In [1]:
import os
import pandas as pd
import matplotlib.pyplot as plt
import numpy as np
from dotenv import load_dotenv 
import glob
from sklearn.preprocessing import LabelEncoder

In [2]:
load_dotenv(dotenv_path="../.env")
FFT_FILE_PATH = os.getenv("FFT_DATA_PATH")
train_path = FFT_FILE_PATH + "/train_dataset"
test_path = FFT_FILE_PATH + "/test_dataset"
validation_path = FFT_FILE_PATH + "/validation_dataset"

In [35]:
def count_labels_in_directory(dir_path: str):
    # Define the prefixes
    prefixes = ['error', 'normal', 'zero', 'overcurrent', 'overheating']

    # Count files for each prefix
    file_counts = {}

    for prefix in prefixes:
        pattern = f"{dir_path}/{prefix}_*"
        files = glob.glob(pattern)
        file_counts[prefix] = len(files)

    # Print the results
    for prefix, count in file_counts.items():
        print(f"There are {count} files with the prefix '{prefix}' in the directory.")
        
def read_data_from_dir(dir_path):
    # Initialize lists to store data
    amplitude_data = []
    label_data = []
    file_name_data = []

    # Iterate through each prefix
    for prefix in ['error', 'normal', 'zero', 'overcurrent', 'overheating']:
        pattern = f"{dir_path}/{prefix}_*.csv"
        files = glob.glob(pattern)
        
        # Read Amplitude column from each file
        for file in files:
            df = pd.read_csv(file)
            
            # Extract Amplitude column
            amplitude = df['Amplitude'].values.tolist()
            
            # Store data in lists
            amplitude_data.append(amplitude)
            label_data.append(prefix)
            file_name_data.append(os.path.basename(file))

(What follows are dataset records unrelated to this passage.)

lemma avoid_prob_le_exp:
  assumes "1 \<le> k" "k \<le> m"
  shows "avoid_prob m k j \<le> exp (- (real j * real k / real m))"
proof (cases "j + k \<le> m")
  case False
  then show ?thesis using assms by (simp add: avoid_prob_eq_0)
next
  case True
  have "avoid_prob m k j = (\<Prod>i<k. (real m - real j - real i) / (real m - real i))"
    using True assms by (simp add: avoid_prob_eq_prod)
  also have "\<dots> \<le> (\<Prod>i<k. exp (- (real j / real m)))"
  proof (rule prod_mono)
    fix i assume "i \<in> {..<k}"
    then have i: "i < k" by simp
    then have pos: "real m - real i > 0" using assms by simp
    have "(real m - real j - real i) / (real m - real i) = 1 - real j / (real m - real i)"
      using pos by (simp add: field_simps)
    also have "\<dots> \<le> 1 - real j / real m"
      using pos by (simp add: divide_left_mono)
    also have "\<dots> \<le> exp (- (real j / real m))"
      using exp_ge_add_one_self[of "- (real j / real m)"] by simp
    finally show "0 \<le> (real m - real j - real i) / (real m - real i) \<and>
        (real m - real j - real i) / (real m - real i) \<le> exp (- (real j / real m))"
      using True i pos by simp
  qed
  also have "\<dots> = exp (- (real j * real k / real m))"
    by (simp add: exp_of_nat_mult[symmetric])
  finally show ?thesis .
qed

lemma avoid_prob_le_1:
  assumes "1 \<le> k" "k \<le> m"
  shows "avoid_prob m k j \<le> 1"
  using avoid_prob_le_exp[OF assms, of j] by (rule order_trans) simp
lemma prefix_sum_Suc_mod:
  assumes "y \<in> H0" "k < CARD('n)"
  shows "prefix_sum y (Suc k mod CARD('n)) = prefix_sum y (Suc k)"
proof (cases "Suc k = CARD('n)")
  case True
  with assms(1) sum_idx[of "\<lambda>j. y $ j"] show ?thesis by (simp add: prefix_sum_def H0_def)
qed (use assms(2) in simp)

lemma ehat_prefix_Suc_mod:
  assumes "k < CARD('n)"
  shows "ehat_prefix (Suc k mod CARD('n)) = ehat_prefix (Suc k)"
proof (cases "Suc k = CARD('n)")
  case True
  with sum_idx[of ehat] show ?thesis by (simp add: ehat_prefix_def sum_ehat)
qed (use assms in simp)

lemma inner_root_generator_diff:
  assumes "y \<in> H0"
  shows "inner y (root_generator p - root_generator q) = prefix_sum y p - prefix_sum y q"
  using assms
  by (simp add: root_generator_def ehat_prefix_def prefix_sum_def inner_diff_right
      inner_sum_right inner_ehat_H0)

lemma polar_Root_a_root_generator:
  "polar_H0 (Root_a CARD('n) root_generator) =
     {y \<in> H0. \<forall>p<CARD('n). \<forall>q<CARD('n). prefix_sum y p - prefix_sum y q \<le> 1}"
  unfolding Root_a_def polar_H0_convex_hull
  by (force simp: inner_root_generator_diff)

lemma edge_combination_component:
  assumes k: "k < CARD('n)"
  shows "(\<Sum>i<CARD('n). t i *\<^sub>R edge i) $ idx k = t (pred_mod CARD('n) k) - t k"
proof -
  have "(t i *\<^sub>R edge i) $ idx k =
          (if i = pred_mod CARD('n) k then t i else 0) - (if i = k then t i else 0)"
    if i: "i < CARD('n)" for i
  proof -
    have "idx k = idx (Suc i mod CARD('n)) \<longleftrightarrow> i = pred_mod CARD('n) k"
      using idx_eq_iff[OF k, of "Suc i mod CARD('n)"] Suc_mod_eq_iff_pred_mod[OF i k] i by auto
    moreover have "idx k = idx i \<longleftrightarrow> i = k" using idx_eq_iff[OF k i] by auto
    ultimately show ?thesis by (simp add: edge_def ehat_component algebra_simps)
  qed
  then have "(\<Sum>i<CARD('n). t i *\<^sub>R edge i) $ idx k =
      (\<Sum>i<CARD('n). (if i = pred_mod CARD('n) k then t i else 0) - (if i = k then t i else 0))"
    unfolding sum_component by (intro sum.cong) auto
  also have "\<dots> = t (pred_mod CARD('n) k) - t k"
    using k pred_mod_less[OF k] by (simp add: sum_subtractf)
  finally show ?thesis .
qed

lemma prefix_sum_edge_combination:
  assumes "p < CARD('n)"
  shows "prefix_sum (\<Sum>i<CARD('n). t i *\<^sub>R edge i) p =
           t (CARD('n) - 1) - t (pred_mod CARD('n) p)"
  using assms
proof (induction p)
  case (Suc p)
  have "prefix_sum (\<Sum>i<CARD('n). t i *\<^sub>R edge i) (Suc p) =
          prefix_sum (\<Sum>i<CARD('n). t i *\<^sub>R edge i) p + (\<Sum>i<CARD('n). t i *\<^sub>R edge i) $ idx p"
    by (simp add: prefix_sum_def)
  with Suc edge_combination_component[of p t] show ?case
    by (simp add: pred_mod_def)
qed (simp add: prefix_sum_def pred_mod_def)

lemma edge_combination_in_polar:
  assumes t: "\<forall>i<CARD('n). t i \<in> {0..1}"
  shows "(\<Sum>i<CARD('n). t i *\<^sub>R edge i) \<in> polar_H0 (Root_a CARD('n) root_generator)"
    (is "?y \<in> _")
proof -
  have "?y \<in> H0"
    unfolding edge_def
    by (intro subspace_sum[OF subspace_H0] subspace_scale[OF subspace_H0]
        subspace_diff[OF subspace_H0] ehat_in_H0)
  moreover have "prefix_sum ?y p - prefix_sum ?y q \<le> 1"
    if "p < CARD('n)" "q < CARD('n)" for p q
  proof -
    have "t (pred_mod CARD('n) q) \<le> 1" "0 \<le> t (pred_mod CARD('n) p)"
      using t pred_mod_less that by auto
    then show ?thesis
      using prefix_sum_edge_combination[OF that(1), of t]
        prefix_sum_edge_combination[OF that(2), of t]
      by linarith
  qed
  ultimately show ?thesis by (simp add: polar_Root_a_root_generator)
qed

lemma polar_in_edge_combinations:
  assumes "y \<in> polar_H0 (Root_a CARD('n) root_generator)"
  obtains t where "\<forall>i<CARD('n). t i \<in> {0..1}" and "y = (\<Sum>i<CARD('n). t i *\<^sub>R edge i)"
proof -
  have y: "y \<in> H0"
    and osc: "\<And>p q. p < CARD('n) \<Longrightarrow> q < CARD('n) \<Longrightarrow> prefix_sum y p - prefix_sum y q \<le> 1"
    using assms by (auto simp: polar_Root_a_root_generator)
  define M where "M = Max (prefix_sum y ` {..<CARD('n)})"
  have "M \<in> prefix_sum y ` {..<CARD('n)}"
    unfolding M_def by (rule Max_in) (simp_all add: lessThan_empty_iff)
  then obtain p where p: "p < CARD('n)" "M = prefix_sum y p" by auto
  have M_ge: "prefix_sum y q \<le> M" if "q < CARD('n)" for q
    unfolding M_def using that by (intro Max_ge) auto
  define t where "t i = M - prefix_sum y (Suc i mod CARD('n))" for i
  show thesis
  proof
    show "\<forall>i<CARD('n). t i \<in> {0..1}"
      using M_ge osc[OF p(1)] p(2) by (auto simp: t_def)
    have "(\<Sum>i<CARD('n). t i *\<^sub>R edge i) $ idx k = y $ idx k" if k: "k < CARD('n)" for k
    proof -
      have "(\<Sum>i<CARD('n). t i *\<^sub>R edge i) $ idx k = t (pred_mod CARD('n) k) - t k"
        by (rule edge_combination_component[OF k])
      also have "\<dots> = prefix_sum y (Suc k) - prefix_sum y k"
        by (simp add: t_def Suc_pred_mod k prefix_sum_Suc_mod[OF y k])
      also have "\<dots> = y $ idx k" by (simp add: prefix_sum_def)
      finally show ?thesis .
    qed
    then show "y = (\<Sum>i<CARD('n). t i *\<^sub>R edge i)"
      by (metis vec_eq_iff ex_idx)
  qed
qed
lemma rate_bound_scaled_eq:
  fixes k :: "'a \<Rightarrow> nat"
  assumes "\<forall>x\<in>S. k x \<ge> 1" "sum k S = n" "n \<ge> 1"
  shows "rate_bound S (\<lambda>x. real (k x) / real n) n * (real n * ln 2)
     = (1 - real (card S)) * (ln (2*pi)/2) + (real n + 1/2) * ln (real n)
        - (\<Sum>x\<in>S. (real (k x) + 1/2) * ln (real (k x)))
        + ln 2 * (1/(12*real n) - (\<Sum>x\<in>S. 1/(12*real (k x) + real n)))"
proof -
  define N where "N = real n"
  define K where "K x = real (k x)" for x
  have N: "N > 0" using assms(3) by (simp add: N_def)
  have K: "\<forall>x\<in>S. K x > 0" using assms(1) by (simp add: K_def Suc_le_eq)
  have sum_K: "sum K S = N" unfolding K_def N_def using assms(2) by (metis of_nat_sum)
  have scale: "1 / N * (a - b) * (N * ln 2) = a * ln 2 - b * ln 2" for a b
    using N by (simp add: field_simps)
  have correction: "1 / N\<^sup>2 * (1/12 - (\<Sum>x\<in>S. 1 / (12 * (K x / N) + 1))) * (N * ln 2)
      = ln 2 * (1/(12*N) - (\<Sum>x\<in>S. 1/(12*K x + N)))"
  proof -
    have "(\<Sum>x\<in>S. 1 / (12 * (K x / N) + 1)) = N * (\<Sum>x\<in>S. 1/(12*K x + N))"
      unfolding sum_distrib_left using N K by (intro sum.cong) (auto simp: field_simps)
    then show ?thesis using N by (simp add: field_simps power2_eq_square)
  qed
  have gaussian: "1 / N * (log 2 (sqrt (2*pi)) - (\<Sum>x\<in>S. log 2 (sqrt (2*pi*(K x/N))))) * (N * ln 2)
      = (1 - real (card S)) * (ln (2*pi)/2) - (\<Sum>x\<in>S. ln (K x))/2 + real (card S) / 2 * ln N"
    unfolding scale sum_log_sqrt_scaled_eq[OF K N] by (simp add: log_def ln_sqrt field_simps)
  have "rate_bound S (\<lambda>x. K x / N) n * (N * ln 2)
     = - ((\<Sum>x\<in>S. K x / N * log 2 (K x / N)) * (N * ln 2))
       + 1 / N\<^sup>2 * (1/12 - (\<Sum>x\<in>S. 1 / (12 * (K x / N) + 1))) * (N * ln 2)
       + 1 / N * (log 2 (sqrt (2*pi)) - (\<Sum>x\<in>S. log 2 (sqrt (2*pi*(K x/N))))) * (N * ln 2)
       - ln N * ((real (card S) - 1) / 2)"
  proof -
    have "log 2 N / N * c * (N * ln 2) = ln N * c" for c
      using N by (simp add: log_def)
    then show ?thesis
      unfolding rate_bound_def N_def[symmetric] by (simp only: distrib_right left_diff_distrib mult_minus_left)
  qed
  also have "\<dots> = (1 - real (card S)) * (ln (2*pi)/2) + (N + 1/2) * ln N
        - (\<Sum>x\<in>S. (K x + 1/2) * ln (K x)) + ln 2 * (1/(12*N) - (\<Sum>x\<in>S. 1/(12*K x + N)))"
  proof -
    have "(\<Sum>x\<in>S. (K x + 1/2) * ln (K x)) = (\<Sum>x\<in>S. K x * ln (K x)) + (\<Sum>x\<in>S. ln (K x))/2"
      by (simp add: distrib_right sum.distrib sum_divide_distrib)
    then show ?thesis
      unfolding entropy_scaled_eq[OF K sum_K N] correction gaussian by (simp add: field_simps)
  qed
  finally show ?thesis by (simp add: N_def K_def)
qed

    # Convert lists to numpy arrays if needed
    amplitude_array = np.array(amplitude_data)
    label_array = np.array(label_data)
    file_name_array = np.array(file_name_data)

    return amplitude_array, label_array, file_name_array

def check_data_distribution(array):
    unique_labels, label_counts = np.unique(array, return_counts=True)

    distribution = dict(zip(unique_labels, label_counts))
    return distribution

# def plot_freq_spectrum(frequency_data, signal, title_name):
#     plt.stem(frequency_data[1:4501], signal[1:4501], 'b', markerfmt=" ", basefmt="-b")
#     plt.title(f"Frequency spectrum of {title_name}")
#     plt.xlabel('Freq (Hz)')
#     plt.ylabel('FFT Amplitude |X(freq)|')
#     # Set x-axis ticks at the scale of 10^-5
#     ticks = [10**(-5) * i for i in range(10)]
#     plt.xticks(ticks)
#     plt.show()
    
def plot_freq_spectrum(frequency_data, signal, title_name):
    # Create a figure and axis
    ax = plt.subplots()

    # Plot stems using the x-values aligned with ticks
    ax.stem(frequency_data[1:4501], signal[1:4501], 'b', markerfmt=" ", basefmt="-b")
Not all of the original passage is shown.